L'affaire a été appelée à l'audience du 10 juin 2024 devant le pôle social du tribunal judiciaire de Nanterre, à laquelle les parties représentées ont comparu et été entendues en leurs observations.
Aux termes de ses conclusions soutenues oralement par son avocat, la société [8] demande au tribunal de :
à titre principal,
- dire et juger son recours recevable et bien fondé,
- constater que le principe du contradictoire n’a pas été respecté par la caisse à son égard,
En conséquence, dire et juger que la décision de prise en charge du 17 mai 2019 de l’accident survenu à Monsieur [O] [Z] lui est inopposable ;
à titre subsidiaire,
- constater que la caisse ne démontre pas la survenance matérielle d’un accident survenu aux temps et lieu du travail le 4 février 2019 à Monsieur [O] [Z],
En conséquence,
- dire et juger que la décision de prise en charge du 17 mai 2019 de l’accident survenu à Monsieur [O] [Z] lui est inopposable,
à titre infiniment subsidiaire,
- ordonner avant-dire droit la mise en œuvre d’une expertise médicale judiciaire sur pièces, confiée à un médecin psychiatre,
En tout état de cause,
- ordonner l’exécution provisoire de la décision à intervenir.

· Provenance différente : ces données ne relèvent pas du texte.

locale htmm_diagonalised = htmm_model +
  fixes V Vi :: "nat \<Rightarrow> nat \<Rightarrow> complex" and lam :: "nat \<Rightarrow> complex"
  assumes V_inv1: "\<And>x z. x \<le> r \<Longrightarrow> z \<le> r \<Longrightarrow> (\<Sum>y\<le>r. V x y * Vi y z) = (if x = z then 1 else 0)"
    and V_inv2: "\<And>x z. x \<le> r \<Longrightarrow> z \<le> r \<Longrightarrow> (\<Sum>y\<le>r. Vi x y * V y z) = (if x = z then 1 else 0)"
    and M_diag: "\<And>x z. x \<le> r \<Longrightarrow> z \<le> r \<Longrightarrow> complex_of_real (Mfull r q x z) = (\<Sum>y\<le>r. V x y * lam y * Vi y z)"
begin

lemma Mpow_spectral:
  assumes "x \<le> r" "z \<le> r"
  shows "complex_of_real (Mpow n x z) = (\<Sum>y\<le>r. V x y * lam y ^ n * Vi y z)"
  using \<open>z \<le> r\<close>
proof (induction n arbitrary: z)
  case 0
  then show ?case using V_inv1 \<open>x \<le> r\<close> by simp
next
  case (Suc n)
  have "complex_of_real (Mpow (Suc n) x z)
      = (\<Sum>y\<le>r. (\<Sum>u\<le>r. V x u * lam u ^ n * Vi u y) * (\<Sum>w\<le>r. V y w * lam w * Vi w z))"
    using Suc by (simp add: M_diag)
  also have "\<dots> = (\<Sum>u\<le>r. \<Sum>w\<le>r. \<Sum>y\<le>r. (V x u * lam u ^ n * Vi u y) * (V y w * lam w * Vi w z))"
    unfolding sum_product by (subst sum.swap, rule sum.cong[OF refl], rule sum.swap)
  also have "\<dots> = (\<Sum>u\<le>r. \<Sum>w\<le>r. V x u * lam u ^ n * (\<Sum>y\<le>r. Vi u y * V y w) * (lam w * Vi w z))"
    by (simp add: sum_distrib_left sum_distrib_right mult_ac)
  also have "\<dots> = (\<Sum>u\<le>r. \<Sum>w\<le>r. V x u * lam u ^ n * (if u = w then 1 else 0) * (lam w * Vi w z))"
    by (intro sum.cong refl) (simp add: V_inv2)
  also have "\<dots> = (\<Sum>u\<le>r. V x u * lam u ^ Suc n * Vi u z)"
    by (simp add: if_distrib if_distribR mult_ac cong: if_cong)
  finally show ?case .
qed

lemma state_prob_spectral:
  assumes "x \<le> r"
  shows "complex_of_real (state_prob n x) = (\<Sum>y\<le>r. V x y * lam y ^ n * (\<Sum>z\<le>r. Vi y z * complex_of_real (\<nu> z)))"
proof -
  have "complex_of_real (state_prob n x) = (\<Sum>z\<le>r. \<Sum>y\<le>r. V x y * lam y ^ n * Vi y z * complex_of_real (\<nu> z))"
    using Mpow_spectral[OF \<open>x \<le> r\<close>]
    by (simp add: state_prob_def sum_distrib_right del: Mpow.simps)
  then show ?thesis
    by (subst (asm) sum.swap) (simp add: sum_distrib_left mult_ac)
qed

end

section \<open>Moments of the photon counts\<close>

locale htmm_moments = htmm_model +
  assumes q00_pos: "0 < q 0 0"
    and p00_square_integrable: "integrable p00 (\<lambda>n. (real n)\<^sup>2)"
    and p10_square_integrable: "integrable p10 (\<lambda>n. (real n)\<^sup>2)"
begin

definition cond_mom2 :: real where
  "cond_mom2 = q 0 0 * mom2_pmf p00 + (1 - q 0 0) * mom2_pmf p10"

text \<open>\<open>lag_moment d\<close> is \<open>E[Y_t'; X_(t'+d) = 0 | X'_t' = 0]\<close>: the emission at time \<open>t'\<close>,
  counted only if the chain is back in state 0 after \<open>d\<close> more steps.\<close>

definition lag_moment :: "nat \<Rightarrow> real" where
  "lag_moment d = (\<Sum>b\<le>r. q b 0 * (if b = 0 then mean_pmf p00 else mean_pmf p10) * Mpow d 0 b)"

lemma lag_moment_eq:
  "lag_moment d = q 0 0 * mean_pmf p00 * Mpow d 0 0 + mean_pmf p10 * (Mpow (Suc d) 0 0 - q 0 0 * Mpow d 0 0)"
  unfolding lag_moment_def by (simp only: sum_q_col0_weighted Mpow_Suc_col0)
(* Let $P,Q$ be probability measures on $(\mathcal{X},\mathcal{A})$ and $\rho:\mathcal{X}\to[0,1]$ any measurable function. For each $N$, let $m=m_N,n=n_N$ be deterministic positive integers with $N=m+n$, $m\le n$, $m/N\to\pi\in(0,1)$, and let $X_1,\dots,X_m$ i.i.d. $\sim P$ and $Y_1,\dots,Y_n$ i.i.d. $\sim Q$ be independent. Let $\alpha\in(0,1)$ and define $$\hat A_0=\frac1m\sum_{i=1}^m\big(1-\mathbf 1\{\rho(X_i)>1/2\}\big),\qquad \hat A_1=\frac1n\sum_{j=1}^n\mathbf 1\{\rho(Y_j)>1/2\},$$ $$\hat\sigma=\sqrt{\frac{\hat A_0(1-\hat A_0)}{m}+\frac{\hat A_1(1-\hat A_1)}{n}},\qquad \hat\lambda^{\rho}_{\mathrm{bayes}}=\hat A_0+\hat A_1-1-q_{1-\alpha}\hat\sigma,$$ where $q_{1-\alpha}$ is the standard normal $(1-\alpha)$-quantile. Then $\limsup_{N\to\infty}\mathbb{P}(\hat\lambda^{\rho}_{\mathrm{bayes}}>\mathrm{TV}(P,Q))\le\alpha$.
   Context: $\mathrm{TV}(P,Q)=\sup_{A\in\mathcal{A}}|P(A)-Q(A)|$. *)

theory Defs
  imports "HOL-Probability.Probability"
begin

definition TV :: "'a measure \<Rightarrow> 'a measure \<Rightarrow> real" where
  "TV P Q = (SUP A \<in> sets P. \<bar>measure P A - measure Q A\<bar>)"

definition std_normal_cdf :: "real \<Rightarrow> real" where
  "std_normal_cdf x = measure (density lborel std_normal_density) {..x}"

definition std_normal_quantile :: "real \<Rightarrow> real" where
  "std_normal_quantile p = (THE q. std_normal_cdf q = p)"

text \<open>The plug-in estimator; xs uses indices < m, ys uses indices < n.\<close>
definition A0_hat :: "('a \<Rightarrow> real) \<Rightarrow> nat \<Rightarrow> (nat \<Rightarrow> 'a) \<Rightarrow> real" where
  "A0_hat \<rho> m xs = (\<Sum>i<m. 1 - of_bool (\<rho> (xs i) > 1/2)) / real m"

definition A1_hat :: "('a \<Rightarrow> real) \<Rightarrow> nat \<Rightarrow> (nat \<Rightarrow> 'a) \<Rightarrow> real" where
  "A1_hat \<rho> n ys = (\<Sum>j<n. of_bool (\<rho> (ys j) > 1/2)) / real n"

definition lambda_bayes_hat ::
  "real \<Rightarrow> ('a \<Rightarrow> real) \<Rightarrow> nat \<Rightarrow> nat \<Rightarrow> (nat \<Rightarrow> 'a) \<Rightarrow> (nat \<Rightarrow> 'a) \<Rightarrow> real" where
  "lambda_bayes_hat \<alpha> \<rho> m n xs ys =
     (let a0 = A0_hat \<rho> m xs; a1 = A1_hat \<rho> n ys;
          \<sigma> = sqrt (a0 * (1 - a0) / real m + a1 * (1 - a1) / real n)
      in a0 + a1 - 1 - std_normal_quantile (1 - \<alpha>) * \<sigma>)"

definition sample_space :: "'a measure \<Rightarrow> 'a measure \<Rightarrow> nat \<Rightarrow> nat \<Rightarrow> ((nat \<Rightarrow> 'a) \<times> (nat \<Rightarrow> 'a)) measure" where
  "sample_space P Q m n = (PiM {..<m} (\<lambda>_. P)) \<Otimes>\<^sub>M (PiM {..<n} (\<lambda>_. Q))"

end

theory Submission
  imports Defs
begin

(*
  Write B = {rho > 1/2}, p0 = P(complement of B) and p1 = Q(B). The plug-in estimate
  A0_hat + A1_hat - 1 has mean p0 + p1 - 1 = Q(B) - P(B), which is at most TV(P, Q). Hence on the
  event {lambda_hat > TV} the centred statistic T = sqrt N (A0_hat - p0 + A1_hat - p1) exceeds
  q * sqrt N * sigma_hat, where q is the (1 - alpha)-quantile of the standard normal law.
  The summands are bounded, so a third-order Taylor bound on characteristic functions and Levy's
  continuity theorem show that T converges in law to N(0, tau^2) with
  tau^2 = p0 (1 - p0) / pi + p1 (1 - p1) / (1 - pi), while sqrt N * sigma_hat converges to tau
  in probability. A Slutsky-type estimate then bounds the limsup of P(T > q sqrt N sigma_hat)
  by 1 - Phi(q) = alpha. If tau = 0 both indicators are almost surely constant and the event is null.
*)

section \<open>Standard normal distribution function\<close>

lemma std_normal_cdf_eq_cdf: "std_normal_cdf = cdf std_normal_distribution"
  by (auto simp: std_normal_cdf_def cdf_def)

lemma isCont_std_normal_cdf: "isCont std_normal_cdf x"
proof -
  interpret real_distribution std_normal_distribution by (rule real_dist_normal_dist)
  have "emeasure std_normal_distribution {x} = 0"
    by (subst emeasure_density) (auto simp: nn_integral_indicator_singleton')
  then show ?thesis
    unfolding std_normal_cdf_eq_cdf isCont_cdf by (simp add: measure_def)
qed

lemma strict_mono_std_normal_cdf: "strict_mono std_normal_cdf"
proof
  fix x y :: real assume "x < y"
  interpret real_distribution std_normal_distribution by (rule real_dist_normal_dist)
  define c where "c = std_normal_density (max \<bar>x\<bar> \<bar>y\<bar>)"
  have "c > 0" by (simp add: c_def std_normal_density_def)
  have density_ge: "c \<le> std_normal_density z" if "z \<in> {x<..y}" for z
  proof -
    have "\<bar>z\<bar> \<le> max \<bar>x\<bar> \<bar>y\<bar>" using that by auto
    then have "z\<^sup>2 \<le> (max \<bar>x\<bar> \<bar>y\<bar>)\<^sup>2"
      by (metis abs_ge_zero power2_abs power_mono)
    then show ?thesis by (auto simp: c_def std_normal_density_def intro!: divide_right_mono)
  qed
  have "ennreal (c * (y - x)) = (\<integral>\<^sup>+ z. ennreal c * indicator {x<..y} z \<partial>lborel)"
    using \<open>x < y\<close> \<open>c > 0\<close> by (simp add: ennreal_mult nn_integral_cmult_indicator)
  also have "\<dots> \<le> (\<integral>\<^sup>+ z. ennreal (std_normal_density z) * indicator {x<..y} z \<partial>lborel)"
    by (intro nn_integral_mono) (auto split: split_indicator intro!: density_ge)
  also have "\<dots> = emeasure std_normal_distribution {x<..y}"
    by (subst emeasure_density) auto
  finally have "c * (y - x) \<le> measure std_normal_distribution {x<..y}"
    by (simp add: emeasure_eq_measure)
  moreover have "0 < c * (y - x)" using \<open>c > 0\<close> \<open>x < y\<close> by simp
  ultimately show "std_normal_cdf x < std_normal_cdf y"
    using cdf_diff_eq[OF \<open>x < y\<close>] by (simp add: std_normal_cdf_eq_cdf)
qed

lemma std_normal_cdf_quantile:
  assumes "0 < p" "p < 1"
  shows "std_normal_cdf (std_normal_quantile p) = p"
proof -
  interpret real_distribution std_normal_distribution by (rule real_dist_normal_dist)
  have "eventually (\<lambda>x. std_normal_cdf x < p) at_bot"
    using cdf_lim_at_bot assms unfolding std_normal_cdf_eq_cdf by (auto simp: order_tendsto_iff)
  then obtain a where a: "std_normal_cdf a < p" by (auto simp: eventually_at_bot_linorder)
  have "eventually (\<lambda>x. p < std_normal_cdf x) at_top"
    using cdf_lim_at_top_prob assms unfolding std_normal_cdf_eq_cdf by (auto simp: order_tendsto_iff)
  then obtain b where b: "p < std_normal_cdf b" by (auto simp: eventually_at_top_linorder)
  have "a \<le> b"
  proof (rule ccontr)
    assume "\<not> a \<le> b"
    then have "std_normal_cdf b < std_normal_cdf a"
      using strict_monoD[OF strict_mono_std_normal_cdf] by simp
    with a b show False by simp
  qed
  then have "\<exists>q\<ge>a. q \<le> b \<and> std_normal_cdf q = p"
    using a b by (intro IVT) (auto intro: isCont_std_normal_cdf less_imp_le)
  then obtain q where q: "std_normal_cdf q = p" by blast
  then have "std_normal_quantile p = q"
    unfolding std_normal_quantile_def
    by (rule the_equality) (simp add: q[symmetric] strict_mono_eq[OF strict_mono_std_normal_cdf])
  with q show ?thesis by simp
qed

lemma std_normal_cdf_le_1: "std_normal_cdf x \<le> 1"
  unfolding std_normal_cdf_eq_cdf by (rule real_distribution.cdf_bounded_prob[OF real_dist_normal_dist])

section \<open>Sample means and their characteristic functions\<close>

lemma char_distr:
  assumes "X \<in> borel_measurable M"
  shows "char (distr M borel X) t = (CLINT \<omega>|M. iexp (t * X \<omega>))"
  using assms unfolding char_def by (simp add: integral_distr)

En réplique, la CPAM de l’Ain requiert du tribunal de débouter la société de l’ensemble de ses demandes.
Pour un plus ample exposé des faits, de la procédure et des moyens des parties, il convient de se reporter à leurs écritures et pièces.
A l'issue des débats, l'affaire a été mise en délibéré au 29 juillet 2024 par mise à disposition au greffe.
MOTIFS DE LA DECISION
Il ne sera pas répondu dans les présents motifs aux demandes de constat qui ne sont pas des prétentions au sens des articles 4, 5 et 768 du code de procédure civile, mais des moyens ou arguments au soutien des véritables prétentions.
Sur la régularité de l'instruction diligentée par la caisse
L'article R441-11 du code de la sécurité sociale, dans sa version applicable au litige dispose que :
« III. - En cas de réserves motivées de la part de l'employeur ou si elle l'estime nécessaire, la caisse envoie avant décision à l'employeur et à la victime d'un accident de travail ou d'une maladie professionnelle un questionnaire portant sur les circonstances ou la cause de l'accident ou de la maladie ou procède à une enquête auprès des intéressés. Une enquête est obligatoire en cas de décès ».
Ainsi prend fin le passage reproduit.